■ Activity
The answer must consist of every line below that contains the word "where".

■ Source material
text \<open>
  Take the points of an \<open>m \<times> 2Rm\<close> integer grid and the lines \<open>y = a x + b\<close> with integer
  slopes \<open>1 \<le> a \<le> R\<close> and intercepts \<open>0 \<le> b < Rm\<close>; each line meets the grid in \<open>m\<close> points.
  A cycle of length \<open>2j\<close> in the incidence graph is determined by the abscissae of its
  \<open>j\<close> points, all slopes but one and a single intercept, so there are at most
  \<open>m\<^bsup>j\<^esup> R\<^bsup>j-1\<^esup> Rm\<close> of them. Keeping a random set of lines, each with probability
  \<open>m / R\<close>, and deleting one line from every surviving cycle of length at most \<open>2J\<close> leaves
  about \<open>J m\<^bsup>2J+1\<^esup>\<close> lines and gives girth \<open>2J + 2 = k + 5\<close> with
  \<open>n\<^bsup>1 + 1/(k+4)\<^esup>\<close> incidences, which beats the required exponent when \<open>k \<ge> 5\<close>.
  For \<open>k = 3\<close> only triangles must be destroyed; the slopes of a triangle are determined by
  two of them and two abscissa differences, and deleting random slopes instead of lines
  gives the exponent \<open>1 + 1/6\<close>. The random choices are carried out by averaging over all
  subsets of a given size.
\<close>

section \<open>The deletion method\<close>

lemma binomial_diff_le:
  fixes b t N :: nat
  assumes "b \<le> t" "t \<le> N"
  shows "real ((N - b) choose (t - b)) \<le> real (N choose t) * (real t / real N) ^ b"
  using assms
proof (induction b arbitrary: N t)
  case 0
  then show ?case by simp
next
  case (Suc b)
  then obtain N' t' where N: "N = Suc N'" and t: "t = Suc t'"
    by (metis Suc_le_D le_trans)
  have le: "b \<le> t'" "t' \<le> N'" using Suc.prems N t by auto
  have ratio_mono: "real t' / real N' \<le> real t / real N"
  proof (cases "N' = 0")
    case False
    then have "real t' * real N \<le> real t * real N'" using le N t by (simp add: algebra_simps)
    then show ?thesis using False N by (simp add: divide_simps)
  qed (simp add: N)
  have "real ((N - Suc b) choose (t - Suc b)) = real ((N' - b) choose (t' - b))" using N t by simp
  also have "\<dots> \<le> real (N' choose t') * (real t' / real N') ^ b"
    using Suc.IH le by blast
  also have "\<dots> \<le> real (N' choose t') * (real t / real N) ^ b"
    by (intro mult_left_mono power_mono ratio_mono) auto
  also have "real (N' choose t') = real (N choose t) * (real t / real N)"
    using Suc_times_binomial_eq[of N' t'] N t by (simp add: field_simps flip: of_nat_mult)
  finally show ?case by (simp add: algebra_simps)
qed

lemma card_supersets_le:
  assumes "finite U" "B \<subseteq> U"
  shows "real (card {T. T \<subseteq> U \<and> card T = t \<and> B \<subseteq> T})
           \<le> real (card U choose t) * (real t / real (card U)) ^ card B"
proof (cases "card B \<le> t \<and> t \<le> card U")
  case False
  have "{T. T \<subseteq> U \<and> card T = t \<and> B \<subseteq> T} = {}"
  proof (rule ccontr)
    assume "{T. T \<subseteq> U \<and> card T = t \<and> B \<subseteq> T} \<noteq> {}"
    then obtain T where "T \<subseteq> U" "card T = t" "B \<subseteq> T" by blast
    then show False using False assms by (meson card_mono finite_subset)
  qed
  then have "card {T. T \<subseteq> U \<and> card T = t \<and> B \<subseteq> T} = 0" by (simp only: card.empty)
  then show ?thesis by simp
next
  case True
  define Ss where "Ss = {S. S \<subseteq> U - B \<and> card S = t - card B}"
  have finSs: "finite Ss" unfolding Ss_def using assms(1) by simp
  have finB: "finite B" using assms by (rule finite_subset[rotated])
  have "{T. T \<subseteq> U \<and> card T = t \<and> B \<subseteq> T} \<subseteq> (\<lambda>S. S \<union> B) ` Ss"
  proof
    fix T assume "T \<in> {T. T \<subseteq> U \<and> card T = t \<and> B \<subseteq> T}"
    then have T: "T \<subseteq> U" "card T = t" "B \<subseteq> T" by simp_all
    then have "card (T - B) = t - card B" using finB by (simp add: card_Diff_subset)
    moreover have "T = (T - B) \<union> B" using T(3) by auto
    ultimately show "T \<in> (\<lambda>S. S \<union> B) ` Ss"
      unfolding Ss_def using T by (intro image_eqI[of T _ "T - B"]) auto
  qed
  then have "card {T. T \<subseteq> U \<and> card T = t \<and> B \<subseteq> T} \<le> card ((\<lambda>S. S \<union> B) ` Ss)"
    using finSs by (intro card_mono) auto
  also have "\<dots> \<le> card Ss" using finSs by (rule card_image_le)
  also have "\<dots> = (card U - card B) choose (t - card B)"
    using n_subsets[of "U - B" "t - card B"] assms finB unfolding Ss_def
    by (simp add: card_Diff_subset)
  finally show ?thesis
    using binomial_diff_le[of "card B" t "card U"] True by linarith
qed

■ Written solution
  then obtain N' t' where N: "N = Suc N'" and t: "t = Suc t'"
    then obtain T where "T \<subseteq> U" "card T = t" "B \<subseteq> T" by blast
  define Ss where "Ss = {S. S \<subseteq> U - B \<and> card S = t - card B}"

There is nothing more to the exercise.